Two advocacy groups, The Fight for $15 and TIME’S UP Legal Defense Fund, have joined to help these workers organize against abuse that they say is “rampant.”
“Few women working in low-wage jobs have the means or the financial security to challenge sexual harassment,” Sharyn Tejani, director of TIME’S UP Legal Defense Fund, says in a statement. “As shown by these charges and thousands of intakes we have received at the Fund from women in every industry, those who report their abuse are often fired, demoted or mocked — and since nothing is done to stop the harassment, nothing changes.”
In a statement provided to CNBC Make It, McDonald’s said it has policies in place intended to protect employees.
“There is no place for harassment or discrimination of any kind at McDonald’s,” the statement reads. “Since our founding, we’ve been committed to a culture that fosters the respectful treatment of everyone. We have policies, procedures and training in place that are specifically designed to prevent sexual harassment at our company and company-owned restaurants, and we firmly believe that our franchisees share this commitment.”
In response to the recent attention, McDonald’s today announced new partnerships with anti-sexual assault nonprofit Rape, Abuse and Incest National Network (RAINN), as well as legal compliance firm Seyfarth Shaw at Work in order to “evolve our policies, procedures and training.”

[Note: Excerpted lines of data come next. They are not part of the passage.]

lemma invertible_upper_triangularization:
  fixes M :: "'a :: euclidean_ring_gcd mat"
  assumes M: "M \<in> carrier_mat n n"
  obtains U where "U \<in> carrier_mat n n" "invertible_mat U" "upper_triangular (U * M)"
proof -
  have "\<exists>U \<in> carrier_mat n n. invertible_mat U \<and> zero_below_diagonal c (U * M)" for c
  proof (induction c)
    case 0
    show ?case
      using M by (intro bexI[of _ "1\<^sub>m n"]) (auto simp: invertible_mat_iff_inverse[of _ n] zero_below_diagonal_def)
  next
    case (Suc c)
    then obtain U where U: "U \<in> carrier_mat n n" "invertible_mat U" "zero_below_diagonal c (U * M)"
      by auto
    obtain W where W: "W \<in> carrier_mat n n" "invertible_mat W" "zero_below_diagonal (Suc c) (W * (U * M))"
      using clear_column_below_diagonal[of "U * M" n c] U M by auto
    moreover have "W * (U * M) = W * U * M" using W U M by (simp add: assoc_mult_mat)
    ultimately show ?case
      using invertible_mat_mult[OF W(1) U(1) W(2) U(2)] U by (intro bexI[of _ "W * U"]) auto
  qed
  from this[of n] obtain U where "U \<in> carrier_mat n n" "invertible_mat U" "zero_below_diagonal n (U * M)"
    by blast
  then show ?thesis
    using that M by (auto simp: zero_below_diagonal_def upper_triangular_def)
qed

lemma transpose_mult_mult_index:
  fixes A X Y :: "'a :: comm_semiring_1 mat"
  assumes "A \<in> carrier_mat n n" "X \<in> carrier_mat n n" "Y \<in> carrier_mat n n" "i < n" "j < n"
  shows "(transpose_mat X * A * Y) $$ (i,j) = (\<Sum>k<n. \<Sum>l<n. X $$ (k,i) * A $$ (k,l) * Y $$ (l,j))"
  using assms
  by (simp add: scalar_prod_def lessThan_atLeast0 sum_distrib_left sum_distrib_right mult.assoc)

But some workers remain skeptical of the company’s commitment to combating harassment.
“They want people to think they care, but they don’t care,” Tanya Harrell, one of the strike organizers, tells the Associated Press. Harrell filed a report with the EEOC claiming she was teased by two managers for reporting verbal and physical abuse from a co-worker at the New Orleans location where she works.
Going forward, Tejani says that McDonald’s has the opportunity to make radical changes to protect women and girls and to lead the way for other major corporations. “McDonald’s is perfectly positioned — if it chooses — to take the lead in an industry that’s rampant with abuse,” she says.